When entering the next room, Moyra Davey and Leslie Hewitt’s works are seen. Davey displays three separate bodies of work: a video piece, and two photographic series. The first photographic series, Copper Heads (1990), shows three magnified images of the Abraham Lincoln side of the American penny. Although each photograph is of the same object, they are all strikingly different in texture and colour, alluding to the individual ‘experience’ of each penny. Davey’s second series, The Whites of your Eyes (For Bill Horrigan) (2010), displays twenty-four photographs in a grid. The photographs themselves are of daily life, coffee cups, the newspaper, etc., but the prints have been folded and have writing and postage on them, breaking away from conventional ways of thinking about fine art photography, in terms of treating a photograph so delicately. These images have been mailed; they have been handled and damaged, but there is still a sense of preciousness to them. By folding and mailing the photographs, Davey has actually turned them into objects to be handled. Although these two bodies of work were made twenty years apart, there is a distinct connection between them; both examine the circulation of an object and the physical indications of its experiences in circulation.

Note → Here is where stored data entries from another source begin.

lemma dev_nonneg:
  assumes "x \<in> F" "x \<in> l" "0 < r"
  shows "0 \<le> dev F x r l"
  using order_trans[OF infdist_nonneg infdist_le_dev[OF assms(2), of x F r]] assms(1,3) by simp

lemma dist_line_le_dev:
  assumes "norm n = 1" "y \<in> F \<inter> ball x r"
  shows "\<bar>(y - x) \<bullet> n\<bar> \<le> dev F x r (line_normal x n)"
  using infdist_le_dev[OF _ assms(2), of "line_normal x n"] infdist_line_normal[OF assms(1)]
  by (simp add: line_normal_def)

lemma beta_le_beta_bil:
  assumes "x \<in> K" "0 < r"
  shows "beta K x r \<le> beta_bil K x r"
proof -
  have "(INF l \<in> lines_through x. dev K x r l) \<le>
      (INF l \<in> lines_through x.
         max (dev K x r l) (SUP y \<in> l \<inter> ball x r. infdist y K))"
    using assms by (intro cINF_mono[OF lines_through_nonempty] bdd_belowI[of _ 0])
      (force intro: dev_nonneg center_in_line_through)+
  then show ?thesis
    unfolding beta_def beta_bil_def dev_def using assms(2) by (simp add: divide_right_mono)
qed

definition bilateral_line :: "pt set \<Rightarrow> pt \<Rightarrow> real \<Rightarrow> real \<Rightarrow> pt \<Rightarrow> bool" where
  "bilateral_line K x \<rho> \<eta> n \<longleftrightarrow> norm n = 1 \<and>
     (\<forall>y \<in> K \<inter> ball x \<rho>. \<bar>(y - x) \<bullet> n\<bar> < \<eta> * \<rho>) \<and>
     (\<forall>w \<in> ball x \<rho>. (w - x) \<bullet> n = 0 \<longrightarrow> (\<exists>k \<in> K. dist w k < \<eta> * \<rho>))"

lemma beta_bil_less_imp_bilateral_line:
  assumes "x \<in> K" "0 < \<rho>" "beta_bil K x \<rho> < \<eta>"
  obtains n where "bilateral_line K x \<rho> \<eta> n"
proof -
  define G where "G l = max (dev K x \<rho> l) (SUP y \<in> l \<inter> ball x \<rho>. infdist y K)" for l
  have "(INF l \<in> lines_through x. G l) < \<eta> * \<rho>"
    using assms(2,3) by (simp add: beta_bil_def G_def dev_def divide_less_eq)
  moreover have "bdd_below (G ` lines_through x)"
    using assms(1,2) dev_nonneg[OF _ center_in_line_through]
    by (intro bdd_belowI[of _ 0]) (force simp: G_def intro: max.coboundedI1)
  ultimately obtain l where l: "l \<in> lines_through x" "G l < \<eta> * \<rho>"
    by (auto simp: cINF_less_iff[OF lines_through_nonempty])
  then obtain n where n: "norm n = 1" "l = line_normal x n"
    by (auto simp: lines_through_def)
  have "\<bar>(y - x) \<bullet> n\<bar> < \<eta> * \<rho>" if "y \<in> K \<inter> ball x \<rho>" for y
    using dist_line_le_dev[OF n(1) that] l(2) n(2) by (simp add: G_def)
  moreover have "\<exists>k \<in> K. dist w k < \<eta> * \<rho>" if "w \<in> ball x \<rho>" "(w - x) \<bullet> n = 0" for w
  proof -
    have "w \<in> l \<inter> ball x \<rho>"
      using that n(2) by (simp add: line_normal_def)
    then have "infdist w K \<le> (SUP y \<in> l \<inter> ball x \<rho>. infdist y K)"
      by (rule cSUP_upper[OF _ bdd_above_infdist_ball[OF assms(1)]])
    also have "\<dots> < \<eta> * \<rho>"
      using l(2) by (simp add: G_def)
    finally show ?thesis
      using assms(1) by (auto elim: infdist_less_imp_dist_less)
  qed
  ultimately show ?thesis
    using n(1) by (intro that[of n]) (auto simp: bilateral_line_def)
qed

lemma bilateral_line_norm: "bilateral_line K x \<rho> \<eta> n \<Longrightarrow> norm n = 1"
  by (simp add: bilateral_line_def)

lemma bilateral_line_near_point:
  assumes "bilateral_line K x \<rho> \<eta> m" "\<bar>s\<bar> < \<rho>"
  obtains k where "k \<in> K" "dist (x + s *\<^sub>R perp m) k < \<eta> * \<rho>"
proof -
  have "x + s *\<^sub>R perp m \<in> ball x \<rho>"
    using assms bilateral_line_norm[OF assms(1)] by (simp add: dist_norm)
  then show ?thesis
    using assms(1) that by (force simp: bilateral_line_def)
qed

fun polygonal_path :: "'a::real_normed_vector list \<Rightarrow> real \<Rightarrow> 'a" where
  "polygonal_path [] = linepath 0 0" \<comment> \<open>junk\<close>
| "polygonal_path [a] = linepath a a"
| "polygonal_path (a # b # xs) = linepath a b +++ polygonal_path (b # xs)"
text \<open>For an ordered triple \<open>t = (a, b, c)\<close> of distinct points put
  \<open>s\<^sub>t(\<pi>) = [a \<prec> b] + [b \<prec> c] + [c \<prec> a]\<close>, where \<open>[u \<prec> v] = \<plusminus>1\<close> records whether \<open>u\<close>
  precedes \<open>v\<close> in \<open>\<pi>\<close>; this is \<open>\<plusminus>1\<close> for every permutation.  In a PSCA(n,4)
  \<open>\<pi>\<^sub>1, \<dots>, \<pi>\<^sub>N\<close> of multiplicity \<open>\<lambda>\<close> the patterns on any 4-set are equidistributed, so
  \<open>N = 24\<lambda>\<close> and the correlation \<open>C(t,t') = \<Sum>\<^sub>i s\<^sub>t(\<pi>\<^sub>i) s\<^sub>t\<^sub>'(\<pi>\<^sub>i)\<close> is \<open>\<plusminus>N\<close> if \<open>t, t'\<close>
  span the same set, \<open>\<plusminus>8\<lambda>\<close> if they share two points and \<open>0\<close> otherwise.  The \<open>N \<times> N\<close>
  Gram matrix \<open>H\<^sub>i\<^sub>j = \<Sum>\<^sub>t s\<^sub>t(\<pi>\<^sub>i) s\<^sub>t(\<pi>\<^sub>j)\<close> has constant diagonal \<open>M = n(n-1)(n-2)\<close> and
  Frobenius norm \<open>\<Sum>\<^sub>t\<^sub>,\<^sub>t\<^sub>' C(t,t')\<^sup>2\<close>, whence \<open>N M\<^sup>2 \<le> M (6N\<^sup>2 + 18(n-3) \<cdot> 64\<lambda>\<^sup>2)\<close>,
  i.e. \<open>(n-1)(n-2) \<le> 48\<lambda>\<close>.\<close>

definition pair_sign :: "'a list \<Rightarrow> 'a \<Rightarrow> 'a \<Rightarrow> real" where
  "pair_sign x u v = (if subseq [u, v] x then 1 else -1)"

definition cyclic_sign :: "'a list \<Rightarrow> 'a \<Rightarrow> 'a \<Rightarrow> 'a \<Rightarrow> real" where
  "cyclic_sign x a b c = pair_sign x a b + pair_sign x b c + pair_sign x c a"

lemma subseq_pair_asym:
  assumes "distinct xs" "u \<in> set xs" "v \<in> set xs" "u \<noteq> v"
  shows "subseq [u, v] xs \<longleftrightarrow> \<not> subseq [v, u] xs"
  using assms
proof (induction xs)
  case (Cons a xs)
  then show ?case by (auto simp: subseq_singleton_left dest: subseq_Cons')
qed simp

lemma subseq_pair_not_cyclic:
  assumes "distinct xs"
  shows "\<not> (subseq [a, b] xs \<and> subseq [b, c] xs \<and> subseq [c, a] xs)"
  using assms
proof (induction xs)
  case (Cons x xs)
  then show ?case by (auto simp: subseq_singleton_left dest: subseq_Cons')
qed simp
lemma sum_charge_le:
  assumes "weight_ordering E w \<pi>" "\<forall>e\<in>E. 0 \<le> w e \<and> card e = 2" "finite E" "0 < k"
    and "is_matching E Q"
  shows "(\<Sum>e\<in>Q. charge E w \<pi> k \<delta> A e)
           \<le> 2 * mweight w (merged_matching E \<pi> k A) + (\<Sum>i\<in>{1..k}. mweight w (cluster_matching E \<pi> A i)) / k"
proof -
  define Q\<^sub>1 where "Q\<^sub>1 = {e\<in>Q. \<delta> * k \<le> real (card (free_clusters E \<pi> k A e))}"
  have QE: "Q \<subseteq> E" using assms(5) by (simp add: is_matching_def)
  have "(\<Sum>e\<in>Q. charge E w \<pi> k \<delta> A e) \<le> 2 * mweight w (merged_matching E \<pi> k A)
      + (\<Sum>i\<in>{1..k}. mweight w (cluster_matching E \<pi> A i)) / card {1..k}"
  proof (rule charging_bound[OF assms(3,2,5), of Q\<^sub>1])
    show "\<forall>i\<in>{1..k}. \<forall>f\<in>cluster_matching E \<pi> A i.
        \<exists>g\<in>merged_matching E \<pi> k A. g \<inter> f \<noteq> {} \<and> w f \<le> w g"
    proof (intro ballI)
      fix i f assume "i \<in> {1..k}" "f \<in> cluster_matching E \<pi> A i"
      then have "f \<in> merged_edges E \<pi> k A" by (auto simp: merged_edges_def)
      moreover have "\<forall>e\<in>E. card e = 2" using assms(2) by blast
      ultimately show "\<exists>g\<in>merged_matching E \<pi> k A. g \<inter> f \<noteq> {} \<and> w f \<le> w g"
        using merged_matching_blocks[OF assms(1)] by blast
    qed
    show "\<forall>e\<in>Q\<^sub>1. charge E w \<pi> k \<delta> A e \<le> (\<Sum>v\<in>e. incident_weight w (merged_matching E \<pi> k A) v)"
      using charge_le_merged[OF assms(1-3)] QE unfolding Q\<^sub>1_def by blast
    show "\<forall>e\<in>Q - Q\<^sub>1. charge E w \<pi> k \<delta> A e
        \<le> (\<Sum>i\<in>{1..k}. \<Sum>v\<in>e. incident_weight w (cluster_matching E \<pi> A i) v) / card {1..k}"
    proof
      fix e assume "e \<in> Q - Q\<^sub>1"
      then have "e \<in> E" "\<not> \<delta> * k \<le> real (card (free_clusters E \<pi> k A e))"
        using QE by (auto simp: Q\<^sub>1_def)
      then show "charge E w \<pi> k \<delta> A e
          \<le> (\<Sum>i\<in>{1..k}. \<Sum>v\<in>e. incident_weight w (cluster_matching E \<pi> A i) v) / card {1..k}"
        using charge_le_clusters[OF assms(1-3)] by simp
    qed
    show "Q\<^sub>1 \<subseteq> Q" by (auto simp: Q\<^sub>1_def)
    show "finite {1..k}" "{1..k} \<noteq> {}" using assms(4) by auto
    show "is_matching E (merged_matching E \<pi> k A)" by (rule is_matching_merged_matching)
    show "\<forall>i\<in>{1..k}. is_matching E (cluster_matching E \<pi> A i)" by (simp add: is_matching_cluster_matching)
  qed
  then show ?thesis by simp
qed
(* Let $n$ be divisible by $4$, $m=n/4$, let $(\Pi_0,\Pi_1)$ be a neat, ordered, balanced partition of $Z$, and let $R=S\times T$ be a $(\Pi_0,\Pi_1)$-rectangle. Then \[ \big||R\cap A|-|R\cap B|\big|\le 2^{10m/3}. \]
   Context: $X=\{x_1,\dots,x_n\}$, $Y=\{y_1,\dots,y_n\}$, $Z=X\cup Y$, $z_i=x_i$ ($i\in[n]$), $z_i=y_{i-n}$ ($i\in[n+1,2n]$), $Z[i,j]=\{z_\ell:i\le\ell\le j\}$. A partition $(\Pi_0,\Pi_1)$ of $Z$ is ordered if $\Pi_\ell=Z[i,j]$ for some interval $[i,j]$ and some $\ell\in\{0,1\}$; balanced if $2n/3\le|\Pi_0|,|\Pi_1|\le 4n/3$. A $(\Pi_0,\Pi_1)$-rectangle is $S\times T=\{U\cup V:U\in S,V\in T\}$ with $S\subseteq\mathcal{P}(\Pi_0)$, $T\subseteq\mathcal{P}(\Pi_1)$. Intervals $I_k=Z[4(k-1)+1,4k]$, $k\in[2m]$; neat means each $I_k\subseteq\Pi_0$ or $I_k\subseteq\Pi_1$. $\mathcal{L}=\{U\subseteq Z: |U\cap I_k|=1\ \forall k\in[2m]\}$. $A=\{U\in\mathcal{L}: |\{i\in[n]: x_i,y_i\in U\}| \text{ odd}\}$, $B=\mathcal{L}\setminus A$. *)

theory Defs
  imports Complex_Main
begin

text \<open>Encoding: the ground set Z = X \<union> Y is represented by its indices {1..2n}:
  index i \<in> [1,n] stands for x_i = z_i, index i \<in> [n+1,2n] stands for y_(i-n) = z_i.\<close>

definition Zset :: "nat \<Rightarrow> nat set" where
  "Zset n = {1..2*n}"

definition Zint :: "nat \<Rightarrow> nat \<Rightarrow> nat \<Rightarrow> nat set" where
  "Zint n i j = {l \<in> Zset n. i \<le> l \<and> l \<le> j}"

definition is_partition :: "nat \<Rightarrow> nat set \<Rightarrow> nat set \<Rightarrow> bool" where
  "is_partition n P0 P1 \<longleftrightarrow> P0 \<union> P1 = Zset n \<and> P0 \<inter> P1 = {}"

definition ordered_partition :: "nat \<Rightarrow> nat set \<Rightarrow> nat set \<Rightarrow> bool" where
  "ordered_partition n P0 P1 \<longleftrightarrow> is_partition n P0 P1 \<and>
     (\<exists>i j. P0 = Zint n i j \<or> P1 = Zint n i j)"

definition balanced_partition :: "nat \<Rightarrow> nat set \<Rightarrow> nat set \<Rightarrow> bool" where
  "balanced_partition n P0 P1 \<longleftrightarrow> is_partition n P0 P1 \<and>
     2 * real n / 3 \<le> real (card P0) \<and> real (card P0) \<le> 4 * real n / 3 \<and>
     2 * real n / 3 \<le> real (card P1) \<and> real (card P1) \<le> 4 * real n / 3"

definition Iblock :: "nat \<Rightarrow> nat \<Rightarrow> nat set" where
  "Iblock n k = Zint n (4*(k-1)+1) (4*k)"

definition neat_partition :: "nat \<Rightarrow> nat \<Rightarrow> nat set \<Rightarrow> nat set \<Rightarrow> bool" where
  "neat_partition n m P0 P1 \<longleftrightarrow> is_partition n P0 P1 \<and>
     (\<forall>k\<in>{1..2*m}. Iblock n k \<subseteq> P0 \<or> Iblock n k \<subseteq> P1)"

definition rectangle :: "nat set \<Rightarrow> nat set \<Rightarrow> nat set set \<Rightarrow> bool" where
  "rectangle P0 P1 R \<longleftrightarrow> (\<exists>S T. S \<subseteq> Pow P0 \<and> T \<subseteq> Pow P1 \<and>
     R = {U \<union> V | U V. U \<in> S \<and> V \<in> T})"

definition Lset :: "nat \<Rightarrow> nat \<Rightarrow> nat set set" where
  "Lset n m = {U. U \<subseteq> Zset n \<and> (\<forall>k\<in>{1..2*m}. card (U \<inter> Iblock n k) = 1)}"

definition Aset :: "nat \<Rightarrow> nat \<Rightarrow> nat set set" where
  "Aset n m = {U \<in> Lset n m. odd (card {i \<in> {1..n}. i \<in> U \<and> n + i \<in> U})}"

definition Bset :: "nat \<Rightarrow> nat \<Rightarrow> nat set set" where
  "Bset n m = Lset n m - Aset n m"

end

theory Submission
  imports Defs "HOL-Analysis.Convex" "HOL-Library.FuncSet"
begin

text \<open>Every U in L picks one element from each block, so by neatness R \<inter> L is in bijection with
  G \<times> H, where G and H consist of choice functions on the blocks of \<Pi>_0 and of \<Pi>_1, and
  |R \<inter> A| - |R \<inter> B| is minus the sum over (g, h) of (-1)^(number of pairs x_i, y_i chosen).
  The pairs x_i, y_i with x_i in block k lie in the blocks k and k + m; call k split if these two
  blocks lie on different sides of the partition, and let s be the number of split k.
  By Cauchy-Schwarz the square of the sum is at most |G| times the sum over all g of the squared
  inner sums. Expanding, the correlation of two choices h, h' on \<Pi>_1 vanishes as soon as they differ
  on the \<Pi>_1-block of a split pair: summing over the partner block in \<Pi>_0 then balances the signs.
  This gives the bound 2^(4m - s). Finally s \<ge> 2m/3 for an ordered balanced partition, since a set
  of block indices forming an interval, or the complement of one, of size between 2m/3 and 4m/3
  meets at least 2m/3 of the pairs {k, k + m} in exactly one element.\<close>

lemma sum_two_sign_flips_eq_zero:
  fixes A :: "'a set"
  assumes "finite A" "x \<in> A" "y \<in> A" "x \<noteq> y" "card A = 4"
  shows "(\<Sum>a\<in>A. (if a = x then -1 else 1) * (if a = y then -1 else (1::real))) = 0"
proof -
  let ?f = "\<lambda>a. (if a = x then -1 else 1) * (if a = y then -1 else (1::real))"
  have "sum ?f A = ?f x + sum ?f (A - {x})"
    using assms by (simp add: sum.remove)
  moreover have "sum ?f (A - {x}) = ?f y + sum ?f (A - {x} - {y})"
    using assms by (intro sum.remove) auto
  moreover have "sum ?f (A - {x} - {y}) = sum (\<lambda>a. 1) (A - {x} - {y})"
    by (intro sum.cong) auto
  moreover have "card (A - {x} - {y}) = 2"
    using assms by (simp add: card_Diff_subset)
  ultimately show ?thesis using assms by simp
qed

Leslie Hewitt displays three photographs from her Midday Series (2009). The two most striking images are her large 132x159 cm chromogenic prints mounted in wood frames that sit on the floor of the gallery. The photographs themselves portray objects leaning against a blank white wall, which is mirrored in the way the photographs are then displayed. As noted by Hewitt, her interest in sculpture and the materiality of objects drove her to create the pieces that occupy space within the gallery. By mounting the photographs and setting them on the floor, Hewitt is turning them back into a physical object, which the viewer is then more strongly confronted by. The objects in the photographs at first seem arbitrary, but the inclusion of snapshots- most likely family snapshots, references a personal history.
Whether the nominees for the Grange Prize were chosen individually, or in conjunction with one another, their works have an undeniable connection. They all exclude the actual representation of people in their photographs, instead examining human traces left in the form of objects.